BrasilDataRight <- data.frame(
date = BrasilData$ts_10782$date,
goodsandserv = BrasilData$ts_4345$value,
unemployment = BrasilData$ts_10782$value
)
read_csv('/Users/connor/Dropbox/EC421_Lab/Week6/BrasilData_backup.csv')
## Parsed with column specification:
## cols(
## date = col_date(format = ""),
## goodsandserv = col_double(),
## unemployment = col_double()
## )
## # A tibble: 85 x 3
## date goodsandserv unemployment
## <date> <dbl> <dbl>
## 1 2007-06-01 5088500 10.2
## 2 2007-07-01 5165247 10.3
## 3 2007-08-01 5303067 10.1
## 4 2007-09-01 5960794 9.4
## 5 2007-10-01 5735314 9.5
## 6 2007-11-01 5652123 8.8
## 7 2007-12-01 5761731 8
## 8 2008-01-01 6003361 8.6
## 9 2008-02-01 5588422 9.3
## 10 2008-03-01 5405355 9.4
## # … with 75 more rows
#We are going to change our index to be one by date.
rownames(BrasilDataRight) <- as.Date(BrasilDataRight$date)
Let’s start ourselves off with a nice, static regression. What function do we use to get a regression? lm().
sreg <-lm(data = BrasilDataRight, goodsandserv ~ unemployment)

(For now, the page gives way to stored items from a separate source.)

(* Let $p>5$ be a prime, $q=p^h$, and let $\mathcal{F}$ be the projective closure of $ax^n+by^m=1$ over $\mathbb{F}_q$, with $a,b\in\mathbb{F}_q^*$ and $m,n$ positive integers, $n\ge m>2$. Then $\mathcal{F}$ is classical with respect to the linear system $\Sigma_2$ of conics in each of the following cases: (a) $p\mid(2n-1)$ and $p\mid(m+1)$; (b) $p\mid(2m-1)$ and $p\mid(n+1)$; (c) $p\mid(2n-1)$ and $p\mid(m-2)$; (d) $p\mid(2m-1)$ and $p\mid(n-2)$; (e) $p\mid(m+1)$ and $p\mid(n-2)$; (f) $p\mid(n+1)$ and $p\mid(m-2)$.
   Context: For a geometrically irreducible projective plane curve over $\mathbb{F}_q$ with function field $\overline{\mathbb{F}}_q(x,y)$, let $\varphi_0,\dots,\varphi_5$ be the monomials of degree 2 in $x,y,1$, $\tau$ separating and $D^{(k)}_\tau$ Hasse derivatives. The order sequence w.r.t. conics is the lexicographically smallest $\varepsilon_0<\dots<\varepsilon_5$ with $\det(D^{(\varepsilon_i)}_\tau\varphi_j)\neq0$; the curve is classical w.r.t. $\Sigma_2$ if $\varepsilon_i=i$ for all $i$. *)

theory Defs
  imports "HOL-Computational_Algebra.Polynomial" "Jordan_Normal_Form.Determinant"
begin

text \<open>The constant field: elements of the ambient field F that are algebraic over the
prime field F_p, i.e. the fixed points of some power of Frobenius.  In the function
field of a curve over the algebraic closure of F_q this is exactly that closure.\<close>
definition const_field :: "nat \<Rightarrow> 'f::field set" where
  "const_field p = {c. \<exists>r>0. c ^ (p ^ r) = c}"

definition alg_closed_subfield :: "'f::field set \<Rightarrow> bool" where
  "alg_closed_subfield K \<longleftrightarrow>
     (\<forall>P::'f poly. (\<forall>i. coeff P i \<in> K) \<and> degree P > 0 \<longrightarrow> (\<exists>c\<in>K. poly P c = 0))"

definition transcendental_over :: "'f::field set \<Rightarrow> 'f \<Rightarrow> bool" where
  "transcendental_over K t \<longleftrightarrow>
     (\<forall>P::'f poly. (\<forall>i. coeff P i \<in> K) \<and> P \<noteq> 0 \<longrightarrow> poly P t \<noteq> 0)"

definition hasse_derivation :: "'f::field set \<Rightarrow> 'f \<Rightarrow> (nat \<Rightarrow> 'f \<Rightarrow> 'f) \<Rightarrow> bool" where
  "hasse_derivation K tau D \<longleftrightarrow>
     (\<forall>u. D 0 u = u) \<and>
     (\<forall>k u v. D k (u + v) = D k u + D k v) \<and>
     (\<forall>k u v. D k (u * v) = (\<Sum>i\<le>k. D i u * D (k - i) v)) \<and>
     (\<forall>k c. k > 0 \<longrightarrow> c \<in> K \<longrightarrow> D k c = 0) \<and>
     (\<forall>i j u. D i (D j u) = of_nat ((i + j) choose i) * D (i + j) u) \<and>
     D 1 tau = 1 \<and> (\<forall>k\<ge>2. D k tau = 0)"

definition conic_monomials :: "'f::field \<Rightarrow> 'f \<Rightarrow> nat \<Rightarrow> 'f" where
  "conic_monomials x y j = [1, x, y, x^2, x*y, y^2] ! j"

definition wronskian_rows :: "(nat \<Rightarrow> 'f \<Rightarrow> 'f) \<Rightarrow> (nat \<Rightarrow> 'f) \<Rightarrow> (nat \<Rightarrow> nat) \<Rightarrow> 'f::field" where
  "wronskian_rows D phi eps = det (mat 6 6 (\<lambda>(i,j). D (eps i) (phi j)))"

definition strict_incr6 :: "(nat \<Rightarrow> nat) \<Rightarrow> bool" where
  "strict_incr6 eps \<longleftrightarrow> (\<forall>i j. i < j \<longrightarrow> j < 6 \<longrightarrow> eps i < eps j)"

definition lex_less6 :: "(nat \<Rightarrow> nat) \<Rightarrow> (nat \<Rightarrow> nat) \<Rightarrow> bool" where
  "lex_less6 e1 e2 \<longleftrightarrow> (\<exists>k<6. (\<forall>i<k. e1 i = e2 i) \<and> e1 k < e2 k)"

definition is_conic_order_seq :: "(nat \<Rightarrow> 'f::field \<Rightarrow> 'f) \<Rightarrow> 'f \<Rightarrow> 'f \<Rightarrow> (nat \<Rightarrow> nat) \<Rightarrow> bool" where
  "is_conic_order_seq D x y eps \<longleftrightarrow>
     strict_incr6 eps \<and> wronskian_rows D (conic_monomials x y) eps \<noteq> 0 \<and>
     (\<forall>e. strict_incr6 e \<and> wronskian_rows D (conic_monomials x y) e \<noteq> 0 \<longrightarrow> \<not> lex_less6 e eps)"

definition classical_wrt_conics :: "(nat \<Rightarrow> 'f \<Rightarrow> 'f) \<Rightarrow> 'f \<Rightarrow> 'f::field \<Rightarrow> bool" where
  "classical_wrt_conics D x y \<longleftrightarrow>
     (\<exists>eps. is_conic_order_seq D x y eps \<and> (\<forall>i<6. eps i = i))"

end

(* Put u = a x^n and X = x (1 - u), and write the field elements n and n/m as N/c and S/c with
   integers N, S, c.  Differentiating the curve equation and iterating D_1 D_k = (k + 1) D_(k+1) gives
   k! (c X)^k D_k y = y P_k(u) for explicit integer polynomials P_k.  Since D_k x = 0 for k >= 2, the
   Wronskian of the conics for the orders 0, ..., 5 is, up to sign,
   Delta = D_2 y (2 (D_3 y)^3 - 3 D_2 y D_3 y D_4 y + (D_2 y)^2 D_5 y), and 8640 (c X)^11 Delta = y^4 W(u)
   for a polynomial W built from P_2, ..., P_5.  In each of the six cases n and m are congruent modulo p
   to one of 1/2, -1, 2, so W is a fixed integer polynomial, and one of its coefficients has no prime
   factor other than 2, 3, 5; hence W is nonzero in characteristic p > 5.  As u is transcendental over
   F_q, W(u) is nonzero, so Delta is nonzero and the order sequence is 0, ..., 5. *)

theory Submission
  imports Defs "HOL-Computational_Algebra.Primes"
begin

lemma CHAR_eq_prime:
  assumes "prime p" and "of_nat p = (0::'a::semiring_1)"
  shows "CHAR('a) = p"
proof -
  have "CHAR('a) dvd p"
    using assms(2) of_nat_eq_0_iff_char_dvd by blast
  then show ?thesis
    using assms(1) CHAR_not_1 by (metis prime_nat_iff One_nat_def)
qed

lemma of_nat_smooth_neq_0:
  assumes "prime CHAR('a::semiring_1)" and "CHAR('a) > 5"
  shows "(of_nat (2 ^ i * 3 ^ j * 5 ^ k) :: 'a) \<noteq> 0"
proof
  assume "(of_nat (2 ^ i * 3 ^ j * 5 ^ k) :: 'a) = 0"
  then have "CHAR('a) dvd 2 ^ i * 3 ^ j * 5 ^ k"
    using of_nat_eq_0_iff_char_dvd by blast
  then have "CHAR('a) dvd 2 \<or> CHAR('a) dvd 3 \<or> CHAR('a) dvd 5"
    using assms(1) by (auto simp: prime_dvd_mult_iff dest: prime_dvd_power)
  then show False
    using assms(2) by (auto dest: dvd_imp_le)
qed

lemma of_nat_eq_if_CHAR_dvd_diff:
  "CHAR('a) dvd k - l \<Longrightarrow> l \<le> k \<Longrightarrow> (of_nat k :: 'a::comm_ring_1) = of_nat l"
  by (metis of_nat_eq_0_iff_char_dvd of_nat_diff eq_iff_diff_eq_0)

lemma of_nat_eq_neg_if_CHAR_dvd_add:
  "CHAR('a) dvd k + l \<Longrightarrow> (of_nat k :: 'a::comm_ring_1) = - of_nat l"
  by (metis of_nat_eq_0_iff_char_dvd of_nat_add eq_neg_iff_add_eq_0)

definition frobenius_fixed :: "nat \<Rightarrow> 'a::comm_ring_1 set" where
  "frobenius_fixed r = {c. c ^ (CHAR('a) ^ r) = c}"

lemma frobenius_fixed_1 [simp]: "(1::'a::comm_ring_1) \<in> frobenius_fixed r"
  by (simp add: frobenius_fixed_def)

lemma frobenius_fixed_mult:
  "x \<in> frobenius_fixed r \<Longrightarrow> y \<in> frobenius_fixed r \<Longrightarrow> (x * y :: 'a::comm_ring_1) \<in> frobenius_fixed r"
  by (simp add: frobenius_fixed_def power_mult_distrib)

context
  assumes prime_char: "prime CHAR('a::comm_ring_1)"
begin

lemma CHAR_power_pos: "CHAR('a) ^ r > 0"
  using prime_char by (simp add: prime_gt_0_nat)

lemma frobenius_fixed_0 [simp]: "(0::'a) \<in> frobenius_fixed r"
  by (simp add: frobenius_fixed_def zero_power[OF CHAR_power_pos])

lemma frobenius_fixed_add:
  "x \<in> frobenius_fixed r \<Longrightarrow> y \<in> frobenius_fixed r \<Longrightarrow> (x + y :: 'a) \<in> frobenius_fixed r"
  using prime_char by (simp add: frobenius_fixed_def freshmans_dream')

lemma frobenius_fixed_uminus:
  assumes "(x::'a) \<in> frobenius_fixed r"
  shows "- x \<in> frobenius_fixed r"
proof -
  have "0 = x ^ (CHAR('a) ^ r) + (- x) ^ (CHAR('a) ^ r)"
    using freshmans_dream'[OF prime_char refl, where x = x and y = "- x" and n = r]
    by (simp add: zero_power[OF CHAR_power_pos])
  then show ?thesis
    using assms by (simp add: frobenius_fixed_def eq_neg_iff_add_eq_0 add.commute)
qed

lemma Ints_subset_frobenius_fixed: "(\<int> :: 'a set) \<subseteq> frobenius_fixed r"
proof
  fix z :: 'a
  assume "z \<in> \<int>"
  then obtain k where "z = of_int k"
    by (auto elim: Ints_cases)
  moreover have "(of_nat n :: 'a) \<in> frobenius_fixed r" for n
    by (induction n) (simp_all add: frobenius_fixed_add)
  ultimately show "z \<in> frobenius_fixed r"
    by (cases k rule: int_cases2) (simp_all add: frobenius_fixed_uminus)
qed

end

lemma frobenius_fixed_subset_const_field:
  "r > 0 \<Longrightarrow> frobenius_fixed r \<subseteq> (const_field CHAR('a) :: 'a::field set)"
  by (auto simp: frobenius_fixed_def const_field_def)

lemma transcendental_over_subset:
  "transcendental_over K t \<Longrightarrow> R \<subseteq> K \<Longrightarrow> transcendental_over R t"
  unfolding transcendental_over_def by blast

lemma transcendental_over_mult_power:
  fixes R :: "'a::field set"
  assumes trans: "transcendental_over R t"
    and R_0: "0 \<in> R"
    and R_add: "\<And>x y. x \<in> R \<Longrightarrow> y \<in> R \<Longrightarrow> x + y \<in> R"
    and R_mult: "\<And>x y. x \<in> R \<Longrightarrow> y \<in> R \<Longrightarrow> x * y \<in> R"
    and "a \<in> R" "a \<noteq> 0" "n > 0"
  shows "transcendental_over R (a * t ^ n)"
  unfolding transcendental_over_def
proof (intro allI impI)
  fix P :: "'a poly"
  assume P: "(\<forall>i. coeff P i \<in> R) \<and> P \<noteq> 0"
  have "\<forall>i. coeff (pcompose P (monom a n)) i \<in> R"
    using P \<open>a \<in> R\<close> R_0 by (intro allI coeff_pcompose_semiring_closed[OF R_0 R_add R_mult]) auto
  moreover have "pcompose P (monom a n) \<noteq> 0"
    using P pcompose_eq_0[of P "monom a n"] \<open>a \<noteq> 0\<close> \<open>n > 0\<close> by (auto simp: degree_monom_eq)
  ultimately have "poly (pcompose P (monom a n)) t \<noteq> 0"
    using trans unfolding transcendental_over_def by blast
  then show "poly P (a * t ^ n) \<noteq> 0"
    by (simp add: poly_pcompose poly_monom)
qed

lemma strict_incr6_ge: "strict_incr6 e \<Longrightarrow> i < 6 \<Longrightarrow> i \<le> e i"
proof (induction i)
  case (Suc i)
  then have "e i < e (Suc i)"
    unfolding strict_incr6_def by auto
  with Suc show ?case
    by simp
qed simp

lemma classical_wrt_conics_if_wronskian_id:
  assumes "wronskian_rows D (conic_monomials x y) id \<noteq> 0"
  shows "classical_wrt_conics D x y"
  unfolding classical_wrt_conics_def is_conic_order_seq_def
proof (intro exI[of _ id] conjI allI impI)
  fix e
  assume "strict_incr6 e \<and> wronskian_rows D (conic_monomials x y) e \<noteq> 0"
  then show "\<not> lex_less6 e id"
    using strict_incr6_ge unfolding lex_less6_def by (auto simp: not_less)
qed (use assms in \<open>auto simp: strict_incr6_def\<close>)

Now, we have to use a summary to get information
#summary to get a table
summary(sreg)
##
## Call:
## lm(formula = goodsandserv ~ unemployment, data = BrasilDataRight)
##
## Residuals:
## Min 1Q Median 3Q Max
## -1529846 -518862 -75421 267581 4929845
##
## Coefficients:
## Estimate Std. Error t value Pr(>|t|)
## (Intercept) 14579533 475340 30.67 <2e-16 ***
## unemployment -910994 64660 -14.09 <2e-16 ***
## ---
## Signif. codes: 0 '***' 0.001 '**' 0.01 '*' 0.05 '.' 0.1 ' ' 1
##
## Residual standard error: 958900 on 83 degrees of freedom
## Multiple R-squared: 0.7052, Adjusted R-squared: 0.7016
## F-statistic: 198.5 on 1 and 83 DF, p-value: < 2.2e-16
We can use r.squared to determine how much of our variation is explained by the static model
#Does anyone remember how to find r-squared?
summary(sreg)$r.squared
## [1] 0.7051537
Ok, let’s compare our regression to one with a few lagged terms. Luckily, in R, including lags is pretty simple if you know how to run a regression. You can simply use the lag() function that takes two arguments: a vector and a lag count.
print(1:10)
## [1] 1 2 3 4 5 6 7 8 9 10
print(lag(1:10,1))
## [1] NA 1 2 3 4 5 6 7 8 9
this lets us quickly run dynamic regressions. Let’s do that with our Brasil data
reg_2lag <- lm(data=BrasilDataRight, goodsandserv ~ unemployment + lag(unemployment, 1) + lag(unemployment, 2))
summary(reg_2lag)
##
## Call:
## lm(formula = goodsandserv ~ unemployment + lag(unemployment,
## 1) + lag(unemployment, 2), data = BrasilDataRight)
##
## Residuals:
## Min 1Q Median 3Q Max
## -1650060 -472476 -78361 266854 4356664
##
## Coefficients:
## Estimate Std. Error t value Pr(>|t|)
## (Intercept) 14877846 492466 30.211 <2e-16 ***
## unemployment -624875 194474 -3.213 0.0019 **
## lag(unemployment, 1) 124882 272751 0.458 0.6483
## lag(unemployment, 2) -445918 191798 -2.325 0.0226 *
## ---
## Signif. codes: 0 '***' 0.001 '**' 0.01 '*' 0.05 '.' 0.1 ' ' 1
##
## Residual standard error: 934600 on 79 degrees of freedom
## (2 observations deleted due to missingness)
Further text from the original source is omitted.